▶ [PROBLEM TO WORK ON]: Write out exactly the lines of the entries below, from the first through the line containing "using \<phi> unfolding", and nothing beyond them.
<<<<
lemma L2_test_fun:
  fixes \<phi> :: "real^'n \<Rightarrow> 'b::euclidean_space"
  assumes \<Omega>: "\<Omega> \<in> lmeasurable" and \<phi>: "test_fun \<Omega> \<phi>"
  shows "L2 \<Omega> \<phi>"
proof -
  have "Ck 0 \<phi>"
    using \<phi> unfolding test_fun_def smooth_fun_def by blast
  then have cont: "continuous_on UNIV \<phi>"
    by simp
  have "compact (\<phi> ` tsupp \<phi>)"
    using \<phi> continuous_on_subset[OF cont subset_UNIV]
    by (intro compact_continuous_image) (simp_all add: test_fun_def)
  then have "bounded (\<phi> ` tsupp \<phi>)"
    by (rule compact_imp_bounded)
  then obtain B where B: "\<forall>y\<in>\<phi> ` tsupp \<phi>. norm y \<le> B"
    by (auto simp: bounded_iff)
  have "norm (\<phi> x) \<le> max B 0" for x
    using B by (cases "x \<in> tsupp \<phi>") (auto simp: tsupp_vanishes le_max_iff_disj)
  with \<Omega> cont show ?thesis
    by (rule L2_bounded_continuous)
qed

lemma integrable_div_pairing:
  fixes \<sigma> :: "real^'n \<Rightarrow> real^'n^'n" and \<phi> :: "real^'n \<Rightarrow> real^'n"
  assumes \<Omega>: "\<Omega> \<in> lmeasurable" and \<sigma>: "L2 \<Omega> \<sigma>" and \<phi>: "test_fun \<Omega> \<phi>"
  shows "integrable (lebesgue_on \<Omega>) (\<lambda>x. \<Sum>i\<in>UNIV. \<Sum>j\<in>UNIV. \<sigma> x $ i $ j * pd \<phi> j x $ i)"
proof -
  have "integrable (lebesgue_on \<Omega>) (\<lambda>x. \<sigma> x $ i $ j * pd \<phi> j x $ i)" for i j
    using integrable_inner_L2[OF L2_nth[OF L2_nth[OF \<sigma>, where i = i], where i = j]
        L2_nth[OF L2_test_fun[OF \<Omega> test_fun_pd[OF \<phi>, where j = j]], where i = i]]
    by (simp add: inner_real_def)
  then show ?thesis
    by (intro Bochner_Integration.integrable_sum)
qed

lemma has_weak_div_diff:
  fixes \<sigma> \<tau> :: "real^'n \<Rightarrow> real^'n^'n" and g g' :: "real^'n \<Rightarrow> real^'n"
  assumes \<Omega>: "\<Omega> \<in> lmeasurable" and \<sigma>: "has_weak_div \<Omega> \<sigma> g" and \<tau>: "has_weak_div \<Omega> \<tau> g'"
  shows "has_weak_div \<Omega> (\<lambda>x. \<sigma> x - \<tau> x) (\<lambda>x. g x - g' x)"
  unfolding has_weak_div_def
proof (intro conjI allI impI)
  have L2: "L2 \<Omega> \<sigma>" "L2 \<Omega> \<tau>" "L2 \<Omega> g" "L2 \<Omega> g'"
    using \<sigma> \<tau> by (simp_all add: has_weak_div_def)
  then show "L2 \<Omega> (\<lambda>x. \<sigma> x - \<tau> x)" "L2 \<Omega> (\<lambda>x. g x - g' x)"
    by (simp_all add: L2_diff)
  fix \<phi> :: "real^'n \<Rightarrow> real^'n"
  assume \<phi>: "test_fun \<Omega> \<phi>"
  let ?pairing = "\<lambda>\<sigma> x. \<Sum>i\<in>UNIV. \<Sum>j\<in>UNIV. \<sigma> x $ i $ j * pd \<phi> j x $ i"
  have "(\<integral>x. ?pairing (\<lambda>x. \<sigma> x - \<tau> x) x \<partial>lebesgue_on \<Omega>)
      = (\<integral>x. ?pairing \<sigma> x - ?pairing \<tau> x \<partial>lebesgue_on \<Omega>)"
    by (simp add: left_diff_distrib sum_subtractf)
  also have "\<dots> = (\<integral>x. ?pairing \<sigma> x \<partial>lebesgue_on \<Omega>) - (\<integral>x. ?pairing \<tau> x \<partial>lebesgue_on \<Omega>)"
    using L2 by (intro Bochner_Integration.integral_diff integrable_div_pairing[OF \<Omega> _ \<phi>])
  also have "\<dots> = (\<integral>x. g' x \<bullet> \<phi> x \<partial>lebesgue_on \<Omega>) - (\<integral>x. g x \<bullet> \<phi> x \<partial>lebesgue_on \<Omega>)"
    using \<sigma> \<tau> \<phi> by (simp add: has_weak_div_def)
  also have "\<dots> = - (\<integral>x. (g x - g' x) \<bullet> \<phi> x \<partial>lebesgue_on \<Omega>)"
    using L2 L2_test_fun[OF \<Omega> \<phi>] by (simp add: inner_diff_left integrable_inner_L2)
  finally show "(\<integral>x. ?pairing (\<lambda>x. \<sigma> x - \<tau> x) x \<partial>lebesgue_on \<Omega>)
      = - (\<integral>x. (g x - g' x) \<bullet> \<phi> x \<partial>lebesgue_on \<Omega>)" .
qed

lemma has_weak_div_divfree_correction:
  fixes \<tau> \<rho> :: "real^'n \<Rightarrow> real^'n^'n"
  assumes "\<Omega> \<in> lmeasurable" and "has_weak_div \<Omega> \<tau> q"
    and "has_weak_div \<Omega> (\<lambda>x. \<tau> x - \<rho> x) (\<lambda>x. 0)"
  shows "has_weak_div \<Omega> \<rho> q"
  using has_weak_div_diff[OF assms] by simp

theorem corollary4p7:
  fixes \<Omega> :: "(real^'n) set" and \<Gamma>D :: "(real^'n) set"
    and H :: "real set" and T :: "real \<Rightarrow> (real^'n) set set" and k :: nat
    and J S :: "real \<Rightarrow> (real^'n \<Rightarrow> real^'n^'n) \<Rightarrow> (real^'n \<Rightarrow> real^'n^'n)"
  assumes dim: "CARD('n) = 2 \<or> CARD('n) = 3"
    and dom: "lipschitz_domain \<Omega>" "polyhedral_domain \<Omega>"
    and GammaD: "\<Gamma>D \<subseteq> frontier \<Omega>" "\<Gamma>D \<noteq> {}"
    and meshes: "\<forall>h\<in>H. 0 < h \<and> mesh \<Omega> (T h) \<and> meshsize (T h) = h \<and>
                   (\<exists>F \<subseteq> bfaces \<Omega> (T h). \<Gamma>D = \<Union> F)"
    and shape_reg: "\<exists>c. \<forall>h\<in>H. \<forall>V\<in>T h. diameter (convex hull V) \<le> c * inradius (convex hull V)"
    and k: "1 \<le> k"
    and infsup: "\<exists>\<beta>>0. \<forall>h\<in>H. \<forall>\<phi> :: real^'n \<Rightarrow> real. Pk \<Omega> (T h) k \<phi> \<longrightarrow>
        \<beta> * L2norm \<Omega> \<phi> \<le>
          (SUP v\<in>{v. V1h \<Omega> \<Gamma>D (T h) (k + 1) v \<and> H1norm \<Omega> v \<noteq> 0}.
              (\<integral>x. H1div \<Omega> v x * \<phi> x \<partial>(lebesgue_on \<Omega>)) / H1norm \<Omega> v)"
    and J_op: "\<forall>h\<in>H. lin_op \<Omega> (L2 \<Omega>) (J h) \<and>
        (\<exists>M. \<forall>\<sigma>. L2 \<Omega> \<sigma> \<longrightarrow> L2norm \<Omega> (J h \<sigma>) \<le> M * L2norm \<Omega> \<sigma>) \<and>
        (\<forall>\<sigma>. L2 \<Omega> \<sigma> \<longrightarrow> Vh \<Omega> \<Gamma>D (T h) k (J h \<sigma>))"
    and J_a: "\<exists>C. \<forall>h\<in>H. \<forall>\<sigma>. L2 \<Omega> \<sigma> \<longrightarrow>
        L2norm \<Omega> (\<lambda>x. \<sigma> x - J h \<sigma> x)
          \<le> C * (INF \<tau>\<in>{\<tau>. Vh \<Omega> \<Gamma>D (T h) k \<tau>}. L2norm \<Omega> (\<lambda>x. \<sigma> x - \<tau> x))"
    and J_b: "\<forall>h\<in>H. \<forall>\<sigma> g q. HdivN \<Omega> \<Gamma>D \<sigma> \<and> has_weak_div \<Omega> \<sigma> g \<and>
        L2proj \<Omega> (Pk \<Omega> (T h) (k - 1)) g q \<longrightarrow> has_weak_div \<Omega> (J h \<sigma>) q"
    and S_op: "\<forall>h\<in>H. lin_op \<Omega> (Vh \<Omega> \<Gamma>D (T h) k) (S h) \<and>
        (\<forall>\<tau>. Vh \<Omega> \<Gamma>D (T h) k \<tau> \<longrightarrow> Xhc \<Omega> \<Gamma>D (T h) k (S h \<tau>))"
    and S_prop: "\<exists>C. \<forall>h\<in>H. \<forall>\<tau>. Vh \<Omega> \<Gamma>D (T h) k \<tau> \<longrightarrow>
        has_weak_div \<Omega> (\<lambda>x. \<tau> x - S h \<tau> x) (\<lambda>x. 0) \<and>
        L2norm \<Omega> (\<lambda>x. \<tau> x - S h \<tau> x) \<le> C * L2norm \<Omega> (\<lambda>x. \<tau> x - transpose (\<tau> x))"
  shows "\<exists>C. \<forall>h\<in>H.
     (\<forall>\<sigma>. L2 \<Omega> \<sigma> \<and> symm_valued \<Omega> \<sigma> \<longrightarrow>
        Xhc \<Omega> \<Gamma>D (T h) k (S h (J h \<sigma>)) \<and>
        L2norm \<Omega> (\<lambda>x. \<sigma> x - S h (J h \<sigma>) x)
          \<le> C * (INF \<tau>\<in>{\<tau>. Vh \<Omega> \<Gamma>D (T h) k \<tau>}. L2norm \<Omega> (\<lambda>x. \<sigma> x - \<tau> x))) \<and>
     (\<forall>\<sigma> g q. Xsp \<Omega> \<Gamma>D \<sigma> \<and> has_weak_div \<Omega> \<sigma> g \<and>
        L2proj \<Omega> (Pk \<Omega> (T h) (k - 1)) g q \<longrightarrow> has_weak_div \<Omega> (S h (J h \<sigma>)) q)"
proof -
  \<comment> \<open>The geometric hypotheses and the inf-sup condition are only needed to construct
    \<open>J\<^sub>h\<close> and \<open>S\<^sub>h\<close>, whose properties are assumed here.\<close>
  define best where "best h \<sigma> = (INF \<tau>\<in>{\<tau>. Vh \<Omega> \<Gamma>D (T h) k \<tau>}. L2norm \<Omega> (\<lambda>x. \<sigma> x - \<tau> x))"
    for h \<sigma>
  obtain Ca where Ca: "\<And>h \<sigma>. h \<in> H \<Longrightarrow> L2 \<Omega> \<sigma> \<Longrightarrow> L2norm \<Omega> (\<lambda>x. \<sigma> x - J h \<sigma> x) \<le> Ca * best h \<sigma>"
    using J_a unfolding best_def by blast
  obtain Cs where
    S_div: "\<And>h \<tau>. h \<in> H \<Longrightarrow> Vh \<Omega> \<Gamma>D (T h) k \<tau> \<Longrightarrow> has_weak_div \<Omega> (\<lambda>x. \<tau> x - S h \<tau> x) (\<lambda>x. 0)"
    and S_err: "\<And>h \<tau>. h \<in> H \<Longrightarrow> Vh \<Omega> \<Gamma>D (T h) k \<tau> \<Longrightarrow>
      L2norm \<Omega> (\<lambda>x. \<tau> x - S h \<tau> x) \<le> Cs * L2norm \<Omega> (\<lambda>x. \<tau> x - transpose (\<tau> x))"
    using S_prop by blast
  have J_Vh: "\<And>h \<sigma>. h \<in> H \<Longrightarrow> L2 \<Omega> \<sigma> \<Longrightarrow> Vh \<Omega> \<Gamma>D (T h) k (J h \<sigma>)"
    using J_op by blast
  have S_Xhc: "\<And>h \<tau>. h \<in> H \<Longrightarrow> Vh \<Omega> \<Gamma>D (T h) k \<tau> \<Longrightarrow> Xhc \<Omega> \<Gamma>D (T h) k (S h \<tau>)"
    using S_op by blast
  have \<Omega>: "\<Omega> \<in> lmeasurable"
    using dom(1) by (simp add: lipschitz_domain_def lmeasurable_open)
  show ?thesis
    unfolding best_def[symmetric]
  proof (intro exI[of _ "(1 + 2 * \<bar>Cs\<bar>) * Ca"] ballI allI impI conjI)
    fix h \<sigma>
    assume h: "h \<in> H" and \<sigma>: "L2 \<Omega> \<sigma> \<and> symm_valued \<Omega> \<sigma>"
    have \<tau>: "Vh \<Omega> \<Gamma>D (T h) k (J h \<sigma>)"
      using J_Vh h \<sigma> by blast
    then show "Xhc \<Omega> \<Gamma>D (T h) k (S h (J h \<sigma>))"
      using S_Xhc h by blast
    have "L2norm \<Omega> (\<lambda>x. \<sigma> x - S h (J h \<sigma>) x) \<le> (1 + 2 * \<bar>Cs\<bar>) * L2norm \<Omega> (\<lambda>x. \<sigma> x - J h \<sigma> x)"
      using \<sigma> \<tau> S_Xhc[OF h \<tau>] S_err[OF h \<tau>]
      by (intro L2norm_diff_symmetrized_le) (simp_all add: Vh_def Xhc_def Pk_def)
    also have "\<dots> \<le> (1 + 2 * \<bar>Cs\<bar>) * (Ca * best h \<sigma>)"
      using Ca h \<sigma> by (intro mult_left_mono) simp_all
    finally show "L2norm \<Omega> (\<lambda>x. \<sigma> x - S h (J h \<sigma>) x) \<le> (1 + 2 * \<bar>Cs\<bar>) * Ca * best h \<sigma>"
      by (simp add: mult.assoc)
  next
    fix h \<sigma> g q
    assume h: "h \<in> H"
      and \<sigma>: "Xsp \<Omega> \<Gamma>D \<sigma> \<and> has_weak_div \<Omega> \<sigma> g \<and> L2proj \<Omega> (Pk \<Omega> (T h) (k - 1)) g q"
    have "has_weak_div \<Omega> (J h \<sigma>) q"
      using J_b h \<sigma> unfolding Xsp_def by blast
    moreover have "Vh \<Omega> \<Gamma>D (T h) k (J h \<sigma>)"
      using J_Vh h \<sigma> by (simp add: has_weak_div_def)
    ultimately show "has_weak_div \<Omega> (S h (J h \<sigma>)) q"
      using has_weak_div_divfree_correction[OF \<Omega>] S_div[OF h] by blast
  qed
qed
>>>>
▶ [ANSWER BELOW]:
lemma L2_test_fun:
  fixes \<phi> :: "real^'n \<Rightarrow> 'b::euclidean_space"
  assumes \<Omega>: "\<Omega> \<in> lmeasurable" and \<phi>: "test_fun \<Omega> \<phi>"
  shows "L2 \<Omega> \<phi>"
proof -
  have "Ck 0 \<phi>"
    using \<phi> unfolding test_fun_def smooth_fun_def by blast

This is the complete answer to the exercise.